# Arrow and head



## BullyARed (Jun 19, 2010)

I am new to bow and would like to know what are good choice/preference for arrow and head for hog? for deer? for compound bow? for crossbow? Thanks.


----------



## Deersteaks (Mar 30, 2010)

That is a deep question and you are about to get a bunch of different answers. There is no one right answer to any of those questions. I would suggest going to a reputable bow shop and talking with them. They can get you started on the right path, and then let your experience and success or failures decide for you.But hear this... nothing, and I mean nothing will substitute for practice. Good luck!


----------



## BullyARed (Jun 19, 2010)

^^^ Thanks. There are so many choice for arrows and heads just like cartridges and they are are not cheap. Just don't like to spend money on the wrong stuffs.


----------



## Deersteaks (Mar 30, 2010)

I use a fixed 100 grain Muzzy 3 blade and have never had issues. They are inexpensive and accurate. No chance of a blade not opening up causing a wounded animal and long grueling blood trail. Not saying they are the best, but a great place to start for sure. I also use Gold Tip Arrows. Your length and weight will be determined by your set up. A more slimmer diameter arrow will offer better penetration. I still use the Whisker Bisquit arrow rest. It's not the latest and greatest, but the first time you lose a shot opportunity because your arrow falls off the rest, or the angle is to steep, then you will second guess your choice and kick yourself for it. I shoot and old Mathew's Switchback XT, and love it. There are of course many faster, prettier, and newer bows on the market, but I am comfortable with it and trust in your equipment goes a long way. If I miss, it's on me. If it's your equipment failing, then it's still your fault. Don't fall for all of the new bells and whistles that are out there. It doesn't matter if you bow shoots a 1000 fps, if it isn't easy to draw and hold, and if it isn't accurate, then its just an expensive paper weight. You don't have to break the bank to get started. A good quality used bow is just as effective as a new one. And above all else, practice.

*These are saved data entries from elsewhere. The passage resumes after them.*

(* Let $k=k_0m$ with $k_0\ge1$. For any initial condition $(X(0),Z(0),V_{s,\alpha}(0),W_{s,\alpha}(0))$ in $\mathcal M^\circ$, the flow at time $t$ of the Hamiltonian vector field $f\mapsto\{\tfrac1k\operatorname{tr}(Z^k),f\}$ is $X(t)=X(0)\exp(-tZ(0)^k)$, $Z(t)=Z(0)$, $V_{s,\alpha}(t)=V_{s,\alpha}(0)$, $W_{s,\alpha}(t)=W_{s,\alpha}(0)$.
   Context: Fix integers $m\ge2$, $n\ge1$ and $\mathbf d=(d_0,\dots,d_{m-1})\in\mathbb N^m$ with $d_0\ge1$. Indices $r,s$ range over $\mathbb Z_m$, identified with $\{0,\dots,m-1\}$ with its usual order; Kronecker deltas of such indices are taken modulo $m$. A spin index is a pair $(s,\alpha)$ with $s\in\mathbb Z_m$, $1\le\alpha\le d_s$. $\mathcal M^\bullet$ is the smooth affine variety of tuples $(X_s,Y_s,V_{s,\alpha},W_{s,\alpha})$, $X_s,Y_s\in\mathrm{Mat}(n\times n,\mathbb C)$, $V_{s,\alpha}\in\mathrm{Mat}(1\times n,\mathbb C)$, $W_{s,\alpha}\in\mathrm{Mat}(n\times1,\mathbb C)$, with $\mathrm{Id}_n+X_sY_s$, $\mathrm{Id}_n+Y_sX_s$, $\mathrm{Id}_n+W_{s,\alpha}V_{s,\alpha}$ invertible and $1+V_{s,\alpha}W_{s,\alpha}\ne0$. $X=\sum_sX_s$ is the $nm\times nm$ block matrix whose only nonzero $n\times n$ blocks are $X_s$ in block position $(s,s+1)$; $Y=\sum_sY_s$ has $Y_s$ in block position $(s+1,s)$. $\mathcal M^\circ\subset\mathcal M^\bullet$ is the open subset where $X$ is invertible; there $Z_s=Y_s+X_s^{-1}$ and $Z=\sum_sZ_s$ with $Z_s$ in block $(s+1,s)$; points of $\mathcal M^\circ$ are equivalently described by $(X,Z,V_{s,\alpha},W_{s,\alpha})$. For a function $F$, the Hamiltonian vector field is $f\mapsto\{F,f\}$ and its flow solves $\frac{d}{dt}f=\{F,f\}$ entrywise. The quasi-Poisson bracket $\{-,-\}$ on $\mathcal M^\bullet$ is the antisymmetric biderivation given on entry functions by ($o(s,r)=\operatorname{sgn}(r-s)$ computed in $\{0,\dots,m-1\}$, $o(\alpha,\beta)=\operatorname{sgn}(\beta-\alpha)$): $\{(X_r)_{ij},(X_s)_{kl}\}=\tfrac12\delta_{s,r-1}(X_{r-1}X_r)_{kj}\delta_{il}-\tfrac12\delta_{s,r+1}\delta_{kj}(X_rX_{r+1})_{il}$; $\{(Y_r)_{ij},(Y_s)_{kl}\}=\tfrac12\delta_{s,r-1}\delta_{kj}(Y_rY_{r-1})_{il}-\tfrac12\delta_{s,r+1}(Y_{r+1}Y_r)_{kj}\delta_{il}$; $\{(X_r)_{ij},(Y_s)_{kl}\}=\delta_{sr}\big(\delta_{kj}\delta_{il}+\tfrac12(Y_rX_r)_{kj}\delta_{il}+\tfrac12\delta_{kj}(X_rY_r)_{il}\big)-\tfrac12\delta_{s,r-1}(X_r)_{kj}(Y_{r-1})_{il}+\tfrac12\delta_{s,r+1}(Y_{r+1})_{kj}(X_r)_{il}$; $\{(X_r)_{ij},(W_{s,\alpha})_k\}=\tfrac12\delta_{s,r+1}\delta_{kj}(X_rW_{r+1,\alpha})_i-\tfrac12\delta_{rs}(X_r)_{kj}(W_{r,\alpha})_i$; $\{(X_r)_{ij},(V_{s,\alpha})_l\}=\tfrac12\delta_{rs}(V_{r,\alpha}X_r)_j\delta_{il}-\tfrac12\delta_{s,r+1}(V_{r+1,\alpha})_j(X_r)_{il}$; $\{(Y_r)_{ij},(W_{s,\alpha})_k\}=\tfrac12\delta_{rs}\delta_{kj}(Y_rW_{r,\alpha})_i-\tfrac12\delta_{s,r+1}(Y_r)_{kj}(W_{r+1,\alpha})_i$; $\{(Y_r)_{ij},(V_{s,\alpha})_l\}=\tfrac12\delta_{s,r+1}(V_{r+1,\alpha}Y_r)_j\delta_{il}-\tfrac12\delta_{rs}(V_{r,\alpha})_j(Y_r)_{il}$; $\{(V_{s,\alpha})_j,(V_{r,\beta})_l\}=-\tfrac12o(s,r)(V_{s,\alpha})_j(V_{r,\beta})_l-\tfrac12\delta_{sr}o(\alpha,\beta)\big((V_{r,\beta})_j(V_{s,\alpha})_l+(V_{s,\alpha})_j(V_{r,\beta})_l\big)$; $\{(W_{s,\alpha})_i,(W_{r,\beta})_k\}=-\tfrac12o(s,r)(W_{r,\beta})_k(W_{s,\alpha})_i-\tfrac12\delta_{sr}o(\alpha,\beta)\big((W_{r,\beta})_k(W_{s,\alpha})_i+(W_{s,\alpha})_k(W_{r,\beta})_i\big)$; $\{(V_{s,\alpha})_j,(W_{r,\beta})_k\}=\tfrac12o(s,r)(W_{r,\beta})_k(V_{s,\alpha})_j+\delta_{sr}\delta_{\alpha\beta}\big(\delta_{kj}+\tfrac12(W_{r,\beta})_k(V_{s,\alpha})_j+\tfrac12\delta_{kj}V_{s,\alpha}W_{r,\beta}\big)+\tfrac12\delta_{sr}o(\alpha,\beta)\big(\delta_{kj}V_{s,\alpha}W_{r,\beta}+(W_{r,\beta})_k(V_{s,\alpha})_j\big)$. *)

theory Defs
  imports "HOL-Analysis.Analysis"
begin

section \<open>Coordinates on the space of tuples (X_s, Y_s, V_{s,alpha}, W_{s,alpha})\<close>

text \<open>The size n of the square matrices is CARD('n) for a finite index type 'n.
  The cyclic index s ranges over {0..<m} (identified with Z_m), the spin
  index alpha over {0..<d s} (0-based instead of 1-based).
  CX s i j is the (i,j) entry of X_s, CY s i j that of Y_s,
  CV s a j the j-th entry of the row vector V_{s,a},
  CW s a k the k-th entry of the column vector W_{s,a}.\<close>

datatype 'n coord = CX nat 'n 'n | CY nat 'n 'n | CV nat nat 'n | CW nat nat 'n

type_synonym 'n point = "'n coord \<Rightarrow> complex"

definition coords :: "nat \<Rightarrow> (nat \<Rightarrow> nat) \<Rightarrow> ('n::finite) coord set" where
  "coords m d =
     {CX s i j | s i j. s < m} \<union> {CY s i j | s i j. s < m}
   \<union> {CV s a j | s a j. s < m \<and> a < d s} \<union> {CW s a j | s a j. s < m \<and> a < d s}"

definition Xm :: "('n::finite) point \<Rightarrow> nat \<Rightarrow> complex^'n^'n" where
  "Xm p s = (\<chi> i j. p (CX s i j))"
definition Ym :: "('n::finite) point \<Rightarrow> nat \<Rightarrow> complex^'n^'n" where
  "Ym p s = (\<chi> i j. p (CY s i j))"
definition Vv :: "('n::finite) point \<Rightarrow> nat \<Rightarrow> nat \<Rightarrow> complex^'n" where
  "Vv p s a = (\<chi> j. p (CV s a j))"
definition Wv :: "('n::finite) point \<Rightarrow> nat \<Rightarrow> nat \<Rightarrow> complex^'n" where
  "Wv p s a = (\<chi> j. p (CW s a j))"

definition sucm :: "nat \<Rightarrow> nat \<Rightarrow> nat" where "sucm m r = (r + 1) mod m"
definition predm :: "nat \<Rightarrow> nat \<Rightarrow> nat" where "predm m r = (r + m - 1) mod m"

definition dlt :: "'a \<Rightarrow> 'a \<Rightarrow> complex" where "dlt a b = (if a = b then 1 else 0)"

definition ord_sgn :: "nat \<Rightarrow> nat \<Rightarrow> complex" where
  "ord_sgn s r = of_int (sgn (int r - int s))"

definition rowcol :: "complex^('n::finite) \<Rightarrow> complex^'n \<Rightarrow> complex" where
  "rowcol v w = (\<Sum>l\<in>UNIV. v $ l * w $ l)"

section \<open>Big block matrices (nm x nm), represented by their n x n blocks\<close>

type_synonym 'n bmat = "nat \<Rightarrow> nat \<Rightarrow> complex^'n^'n"

definition bmul :: "nat \<Rightarrow> ('n::finite) bmat \<Rightarrow> 'n bmat \<Rightarrow> 'n bmat" where
  "bmul m A B = (\<lambda>a b. \<Sum>c<m. A a c ** B c b)"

Hope this helps you some!


----------



## Whitebassfisher (May 4, 2007)

How about Slick Trick fixed 100 or 125 grain? I like fixed, but mentioned Slick Tricks over Muzzy because of .035 thick blade.


----------



## cva34 (Dec 22, 2008)

Its a tough ??? Fixed have one advantage they stay together(mostly) and are always open...and in general penetrate well..Tuning can be issue...I had great luck with Thunderhead/Muzzy not saying rest are bad just aint used..
Mechanical have one advantage they tune easy...and cut a wide path..(which can be blessing or monster) some want to open in flight, some don't open..If its wide 2 blade and 1 blade catches a hard bone and the other soft they want to turn some..and can be problem..I have had good luck with Swhacker but they can turn...They shoot like field points 

Idealy if you could find something that would shoot in both Bow and Xbow it would be Fantastic...Its doable..but a challange which is practice and that makes you a better shot..
But always remember its where you hit them that is #1; not recomended but a field point through heart lung is Deadly within a few hundred yard...when The best broadhead sharp and wide in the guts ain't.not for hours and or days and miles


----------